Many adopters of low-code automation tools find big benefits in bringing stability to the code/no-code balancing act. It’s more than ending the frustration both sides feel—it’s about giving both sides more tools to be even more stellar at their jobs.
Every technology-driven company deals with the constant balancing act between the needs of those who do and don’t write code. Each group thinks they know best how to prioritize and build new processes or applications, not to mention what’s best for the company as a whole, leaving both frustrated by the constant battling. This is an area where low-code automation can play a role.
Why? Business users get frustrated when their requests are ignored, take longer than expected, or are delivered haphazardly without any feedback loops. IT teams manage their backlog as best they can, trying to divine good prioritization and estimates out of thin air while battling a queue of requests, bugs, and oftentimes mission-critical errors just to keep the company’s operations online.
Enter a growing ecosystem of tools, plus a new practice of enabling individual employees, to add a few extra pillars of support to this balancing act, if not stop it altogether.
Low-code automation tools help people with little or no coding knowledge build applications, processes, or experience with primarily visual, drag-and-drop tools. It’s similar to the comparison between using a website builder like Squarespace and opening up a text editor to write your HTML and CSS manually.
With low-code automation, business users can digitize manual processes or build entirely new workflows in minutes, dramatically reducing the “time-to-market” of their ideas. They’re suddenly empowered to take ownership of their tasks without needing to ask the IT team for help or getting stuck in a frustrating feedback loop.
IT teams have been skeptical of low-code tools, mostly due to concerns over governance, availability, and security. Still, their minds are changing thanks to a new breed of platforms that empower individuals while also ensuring best practices, supplementing the existing infrastructure rather than supplanting it.
While efficiency gains are always welcome, many adopters of low-code automation tools find big benefits in bringing stability to the code/no-code balancing act. It’s more than ending the frustration both sides feel—it’s about giving both sides more tools to be even more stellar at their jobs.

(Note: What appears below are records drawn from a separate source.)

text \<open>A kernel vector of \<open>D\<Psi>(m, x)\<close> is a tangent vector of \<open>\<Delta>\<close> whose reduced
  coordinates form a real eigenvector of \<open>D\<phi>\<^sup>~(x)\<close> with eigenvalue \<open>m\<close>; so for
  \<open>m > Mlow\<close> it vanishes.\<close>

lemma Psi_deriv_inj:
  assumes m: "m \<in> rates" and x: "x \<in> Simplex N n e"
  shows "inj (Psi_deriv (m, x))"
proof -
  have "x \<in> U" using x Simplex_subset_U by auto
  then have lin: "linear (Psi_deriv (m, x))"
    using Psi_has_derivative[of "(m, x)"] has_derivative_linear by auto
  show ?thesis unfolding linear_injective_0[OF lin]
  proof (intro allI impI)
    fix w assume w0: "Psi_deriv (m, x) w = 0"
    obtain dm v where w: "w = (dm, v)" by (cases w)
    have dm: "dm = 0" using arg_cong[OF w0, of fst] w by (simp add: Psi_deriv_def)
    have comp: "(if is_last j then (\<Sum>h=1..n (fst (e j)). co e v (fst (e j)) h)
      else phi_vec_deriv x v $ j + dm * (c $ j - x $ j) - m * v $ j) = 0" for j
    proof -
      have "snd (Psi_deriv (m, x) (dm, v)) $ j = 0" using w0 w by simp
      then show ?thesis by (simp only: Psi_deriv_def snd_conv fst_conv vec_lambda_beta)
    qed
    have tangent: "(\<Sum>h=1..n i. co e v i h) = 0" if "i \<in> {1..N}" for i
      using comp[of "inv e (i, n i)"] is_last_inv_e[OF that] by simp
    define u where "u q = co e v (fst q) (snd q)" for q
    have eig: "(\<Sum>q\<in>Red N n. redJac n e f x p q * u q) = m * u p" if p: "p \<in> Red N n" for p
    proof -
      have "e (inv e p) = p" using p e_inv_e by (auto simp: Red_def Sidx_def)
      then show ?thesis
        using redJac_tangent[OF x p tangent] comp[of "inv e p"] dm p not_is_last_iff_Red[of "inv e p"]
        by (simp add: u_def co_def)
    qed
    have "u p = 0" if "p \<in> Red N n" for p
      using real_eigenvalue_le_Mlow[OF x that _ eig] m by force
    then have "v = 0" using tangent_eq_lift_lin[OF tangent] by (simp add: u_def)
    then show "w = 0" using w dm by (simp add: zero_prod_def)
  qed
qed
lemma homogeneous_system_nontrivial_solution:
  fixes v :: "'k \<Rightarrow> 'a \<Rightarrow> real"
  assumes "finite A" "finite K" "card A < card K"
  shows "\<exists>c. (\<exists>k\<in>K. c k \<noteq> 0) \<and> (\<forall>a\<in>A. (\<Sum>k\<in>K. c k * v k a) = 0)"
  using assms
proof (induction A arbitrary: K v rule: finite_induct)
  case empty
  then obtain k where "k \<in> K" by fastforce
  then show ?case by (intro exI[of _ "\<lambda>_. 1"]) auto
next
  case (insert a A)
  show ?case
  proof (cases "\<forall>k\<in>K. v k a = 0")
    case True
    then show ?thesis using insert.IH[of K v] insert.prems insert.hyps by auto
  next
    case False
    then obtain k0 where k0: "k0 \<in> K" "v k0 a \<noteq> 0" by auto
    define K' where "K' = K - {k0}"
    \<comment> \<open>Gaussian elimination of the unknown indexed by k0 using the equation indexed by a.\<close>
    define w where "w k b = v k b - (v k a / v k0 a) * v k0 b" for k b
    have "card A < card K'"
      using insert.prems insert.hyps k0 by (simp add: K'_def card_Diff_singleton)
    then obtain c' where c': "\<exists>k\<in>K'. c' k \<noteq> 0" "\<forall>b\<in>A. (\<Sum>k\<in>K'. c' k * w k b) = 0"
      using insert.IH[of K' w] insert.prems by (auto simp: K'_def)
    have c'_a: "(\<Sum>k\<in>K'. c' k * w k a) = 0" using k0 by (simp add: w_def)
    define c where "c k = (if k = k0 then - (\<Sum>j\<in>K'. c' j * v j a) / v k0 a else c' k)" for k
    have "(\<Sum>k\<in>K. c k * v k b) = 0" if "b \<in> insert a A" for b
    proof -
      have "(\<Sum>k\<in>K. c k * v k b) = c k0 * v k0 b + (\<Sum>k\<in>K'. c k * v k b)"
        using sum.remove[OF insert.prems(1) k0(1)] by (simp add: K'_def)
      also have "(\<Sum>k\<in>K'. c k * v k b) = (\<Sum>k\<in>K'. c' k * v k b)"
        by (rule sum.cong) (auto simp: c_def K'_def)
      also have "\<dots> = (\<Sum>k\<in>K'. c' k * w k b + c' k * v k a / v k0 a * v k0 b)"
        by (rule sum.cong) (auto simp: w_def algebra_simps)
      also have "\<dots> = (\<Sum>k\<in>K'. c' k * w k b) + (\<Sum>k\<in>K'. c' k * v k a) / v k0 a * v k0 b"
        by (simp add: sum.distrib sum_distrib_right sum_divide_distrib)
      finally show ?thesis using that c'(2) c'_a k0(2) by (auto simp: c_def)
    qed
    moreover have "\<exists>k\<in>K. c k \<noteq> 0" using c'(1) by (auto simp: K'_def c_def)
    ultimately show ?thesis by blast
  qed
qed

lemma sum_eq_0_imp_neg:
  fixes f :: "'a \<Rightarrow> real"
  assumes "finite A" "(\<Sum>a\<in>A. f a) = 0" "a0 \<in> A" "f a0 \<noteq> 0"
  shows "\<exists>a\<in>A. f a < 0"
  using assms sum_nonneg_eq_0_iff[of A f] by (metis linorder_not_le)

lemma sum_pos_imp_pos:
  fixes f :: "'a \<Rightarrow> real"
  assumes "0 < (\<Sum>a\<in>A. f a)"
  obtains a where "a \<in> A" "0 < f a"
  using assms sum_nonpos[of A f] by (meson not_le)

lemma sum_eq_1_imp_two_pos:
  fixes y :: "'a \<Rightarrow> real"
  assumes "finite S" "\<forall>a\<in>S. 0 \<le> y a" "(\<Sum>a\<in>S. y a) = 1" "\<forall>a\<in>S. y a \<noteq> 1"
  shows "\<exists>a1\<in>S. \<exists>a2\<in>S. a1 \<noteq> a2 \<and> 0 < y a1 \<and> 0 < y a2"
proof -
  obtain a1 where a1: "a1 \<in> S" "0 < y a1" using assms(3) sum_pos_imp_pos[of y S] by auto
  have "y a1 \<le> 1" using member_le_sum[of a1 S y] assms(1-3) a1 by simp
  then have "0 < (\<Sum>a\<in>S - {a1}. y a)"
    using sum.remove[OF assms(1) a1(1), of y] assms(3,4) a1 by auto
  then obtain a2 where "a2 \<in> S - {a1}" "0 < y a2" by (rule sum_pos_imp_pos)
  then show ?thesis using a1 by blast
qed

Citizen development: At its core, citizen development is another way of describing the act of non-coders building new business processes or applications. On a deeper level, companies that encourage citizen development and apply this “developer” label to a broader range of employees find a growing culture of experimentation and fearlessness that’s increasingly necessary as more business decisions need to be made in real-time. It’s not about taking power away from IT teams but rather giving more people the powerful feeling of having built something new.

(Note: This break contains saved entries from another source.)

(* Let $n\ge 2$ be an integer and let $E$ be a nonsingular generalized Weierstrass elliptic curve over $\mathbb{Z}_n$. Then the number of (distinct) generalized Weierstrass elliptic curves over $\mathbb{Z}_n$ isomorphic to $E$ is $\frac{\Phi(n^4)}{|\mathrm{Aut}(E)|}$, where $\Phi$ is Euler's totient function.
   Context: A generalized Weierstrass curve over $\mathbb{Z}_n$ is $E: y^2+a_1xy+a_3y=x^3+a_2x^2+a_4x+a_6$ with $(a_1,a_2,a_3,a_4,a_6)\in\mathbb{Z}_n^5$ (distinct tuples give distinct curves). With $b_2=a_1^2+4a_2$, $b_4=2a_4+a_1a_3$, $b_6=a_3^2+4a_6$, $b_8=a_1^2a_6+4a_2a_6-a_1a_3a_4+a_2a_3^2-a_4^2$, its discriminant is $\Delta=-b_2^2b_8-8b_4^3-27b_6^2+9b_2b_4b_6$, and $E$ is nonsingular iff $\Delta\in\mathbb{Z}_n^*$. For $u\in\mathbb{Z}_n^*$ and $r,s,t\in\mathbb{Z}_n$, the change of variables $x=u^2x'+r$, $y=u^3y'+u^2sx'+t$ transforms $E$ into the curve with coefficients $a_i'$ determined by $ua_1'=a_1+2s$, $u^2a_2'=a_2-sa_1+3r-s^2$, $u^3a_3'=a_3+ra_1+2t$, $u^4a_4'=a_4-sa_3+2ra_2-(t+rs)a_1+3r^2-2st$, $u^6a_6'=a_6+ra_4+r^2a_2+r^3-ta_3-t^2-rta_1$. Two generalized curves are isomorphic if one is obtained from the other by such a transformation. $\mathrm{Aut}(E)$ is the set of such transformations (parametrized by $(u,r,s,t)\in\mathbb{Z}_n^*\times\mathbb{Z}_n^3$) mapping $E$ to itself. *)

theory Defs
  imports "HOL-Number_Theory.Number_Theory"
begin

text \<open>Elements of Z_n are represented by their canonical representatives in {0..<n}.
A generalized Weierstrass curve over Z_n is a coefficient tuple (a1,a2,a3,a4,a6).\<close>

type_synonym wcurve = "int \<times> int \<times> int \<times> int \<times> int"

definition curves :: "int \<Rightarrow> wcurve set" where
  "curves n = {0..<n} \<times> {0..<n} \<times> {0..<n} \<times> {0..<n} \<times> {0..<n}"

definition disc :: "wcurve \<Rightarrow> int" where
  "disc E = (case E of (a1,a2,a3,a4,a6) \<Rightarrow>
     let b2 = a1^2 + 4*a2; b4 = 2*a4 + a1*a3; b6 = a3^2 + 4*a6;
         b8 = a1^2*a6 + 4*a2*a6 - a1*a3*a4 + a2*a3^2 - a4^2
     in - (b2^2*b8) - 8*b4^3 - 27*b6^2 + 9*b2*b4*b6)"

definition nonsingular :: "int \<Rightarrow> wcurve \<Rightarrow> bool" where
  "nonsingular n E \<longleftrightarrow> coprime (disc E) n"

definition params :: "int \<Rightarrow> (int \<times> int \<times> int \<times> int) set" where
  "params n = {(u,r,s,t). u \<in> {0..<n} \<and> coprime u n \<and> r \<in> {0..<n} \<and> s \<in> {0..<n} \<and> t \<in> {0..<n}}"

definition transforms :: "int \<Rightarrow> wcurve \<Rightarrow> int \<times> int \<times> int \<times> int \<Rightarrow> wcurve \<Rightarrow> bool" where
  "transforms n E p E' = (case E of (a1,a2,a3,a4,a6) \<Rightarrow> case E' of (a1',a2',a3',a4',a6') \<Rightarrow>
     case p of (u,r,s,t) \<Rightarrow>
       [u*a1' = a1 + 2*s] (mod n) \<and>
       [u^2*a2' = a2 - s*a1 + 3*r - s^2] (mod n) \<and>
       [u^3*a3' = a3 + r*a1 + 2*t] (mod n) \<and>
       [u^4*a4' = a4 - s*a3 + 2*r*a2 - (t + r*s)*a1 + 3*r^2 - 2*s*t] (mod n) \<and>
       [u^6*a6' = a6 + r*a4 + r^2*a2 + r^3 - t*a3 - t^2 - r*t*a1] (mod n))"

definition iso_class :: "int \<Rightarrow> wcurve \<Rightarrow> wcurve set" where
  "iso_class n E = {E' \<in> curves n. \<exists>p \<in> params n. transforms n E p E'}"

definition Aut :: "int \<Rightarrow> wcurve \<Rightarrow> (int \<times> int \<times> int \<times> int) set" where
  "Aut n E = {p \<in> params n. transforms n E p E}"

end

theory Submission
  imports Defs "HOL-Algebra.Group_Action"
begin

text \<open>
  Changes of variables compose, so the parameters \<open>(u, r, s, t) \<in> \<int>\<^sub>n\<^sup>* \<times> \<int>\<^sub>n\<^sup>3\<close> form a
  group of order \<open>\<Phi>(n) n\<^sup>3 = \<Phi>(n\<^sup>4)\<close>, and this group acts on the coefficient tuples
  modulo \<open>n\<close>. The isomorphism class of \<open>E\<close> is its orbit and \<open>Aut(E)\<close> its stabilizer,
  so the orbit-stabilizer theorem gives \<open>|class of E| \<cdot> |Aut(E)| = \<Phi>(n\<^sup>4)\<close>.
\<close>

type_synonym wparam = "int \<times> int \<times> int \<times> int"

definition curve_translate :: "int \<times> int \<times> int \<Rightarrow> wcurve \<Rightarrow> wcurve" where
  "curve_translate rst E = (case rst of (r, s, t) \<Rightarrow> case E of (a1, a2, a3, a4, a6) \<Rightarrow>
     (a1 + 2*s, a2 - s*a1 + 3*r - s^2, a3 + r*a1 + 2*t,
      a4 - s*a3 + 2*r*a2 - (t + r*s)*a1 + 3*r^2 - 2*s*t,
      a6 + r*a4 + r^2*a2 + r^3 - t*a3 - t^2 - r*t*a1))"

definition curve_untranslate :: "int \<times> int \<times> int \<Rightarrow> wcurve \<Rightarrow> wcurve" where
  "curve_untranslate rst E = (case rst of (r, s, t) \<Rightarrow> case E of (b1, b2, b3, b4, b6) \<Rightarrow>
     let a1 = b1 - 2*s;
         a2 = b2 + s*a1 - 3*r + s^2;
         a3 = b3 - r*a1 - 2*t;
         a4 = b4 + s*a3 - 2*r*a2 + (t + r*s)*a1 - 3*r^2 + 2*s*t;
         a6 = b6 - r*a4 - r^2*a2 - r^3 + t*a3 + t^2 + r*t*a1
     in (a1, a2, a3, a4, a6))"

definition curve_scale :: "int \<Rightarrow> wcurve \<Rightarrow> wcurve" where
  "curve_scale u E = (case E of (a1, a2, a3, a4, a6) \<Rightarrow> (u*a1, u^2*a2, u^3*a3, u^4*a4, u^6*a6))"

text \<open>
  \<open>transforms n E (u, r, s, t) E'\<close> says \<open>curve_scale u E' \<equiv> curve_translate (r, s, t) E\<close>
  modulo \<open>n\<close>, so \<open>E\<close> is recovered from \<open>E'\<close> by \<open>curve_act\<close>. In this direction the
  parameters act on the left (\<open>curve_act_comp\<close>).
\<close>

definition curve_act :: "wparam \<Rightarrow> wcurve \<Rightarrow> wcurve" where
  "curve_act p E = (case p of (u, r, s, t) \<Rightarrow> curve_untranslate (r, s, t) (curve_scale u E))"

definition param_comp :: "wparam \<Rightarrow> wparam \<Rightarrow> wparam" where
  "param_comp p q = (case p of (u, r, s, t) \<Rightarrow> case q of (u', r', s', t') \<Rightarrow>
     (u*u', r + u^2*r', s + u*s', t + u^3*t' + u^2*s*r'))"

definition curve_mod :: "int \<Rightarrow> wcurve \<Rightarrow> wcurve" where
  "curve_mod n E = (case E of (a1, a2, a3, a4, a6) \<Rightarrow>
     (a1 mod n, a2 mod n, a3 mod n, a4 mod n, a6 mod n))"

definition param_mod :: "int \<Rightarrow> wparam \<Rightarrow> wparam" where
  "param_mod n p = (case p of (u, r, s, t) \<Rightarrow> (u mod n, r mod n, s mod n, t mod n))"

lemma curve_translate_untranslate: "curve_translate rst (curve_untranslate rst E) = E"
  by (cases rst; cases E)
    (simp add: curve_translate_def curve_untranslate_def Let_def algebra_simps power2_eq_square power3_eq_cube)

lemma curve_untranslate_translate: "curve_untranslate rst (curve_translate rst E) = E"
  by (cases rst; cases E)
    (simp add: curve_translate_def curve_untranslate_def Let_def algebra_simps power2_eq_square power3_eq_cube)

lemma curve_act_comp: "curve_act p (curve_act q E) = curve_act (param_comp p q) E"
  by (cases p; cases q; cases E)
    (simp add: curve_act_def curve_untranslate_def curve_scale_def param_comp_def Let_def
      algebra_simps power2_eq_square power3_eq_cube numeral_eq_Suc)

Create feedback loops between business users and IT: With the “old” model of internal development, the IT team often receives a request, develops it behind closed doors, and delivers a “finished” product—even if that’s not what the business user asked for. Imagine if the non-coders can build prototypes of a new application, or even 20% of a digitized process, to create a more complete user story. Now that they’re speaking the same language, IT teams can make improvements based on reality, not assumptions.
Eliminate shadow IT: Certain non-coders don’t take a “no” from IT for an answer. Instead of being patient or working on another process improvement, they build their own solution in secret. These “shadow IT” projects often became mission-critical for specific roles, which means if that person leaves the company, their replacement is now responsible for a workflow that no one understands or can support. A low-code automation platform ensures that business processes stay above the table while also fostering a culture of experimentation and moving fast.
Ensure compliance with business rules: Modern low-code automation tools don’t allow business users with root access to mission-critical infrastructure. They even allow IT teams to set up rigorous rules and define specific workflows or templates that business users can play around with. By defining safe paths, IT teams can get all of the aforementioned cultural benefits without worrying about dealing with a catastrophic failure thanks to an overeager intern in sales.
Gartner recently predicted that by 2024, 75 percent of major companies will employ not just one but four different low-code automation tools in the effort to improve the coder/non-coder relationship. For those still worrying over that balancing act, now’s the time to experiment and plan for future investment—your citizen developers in waiting will thank you.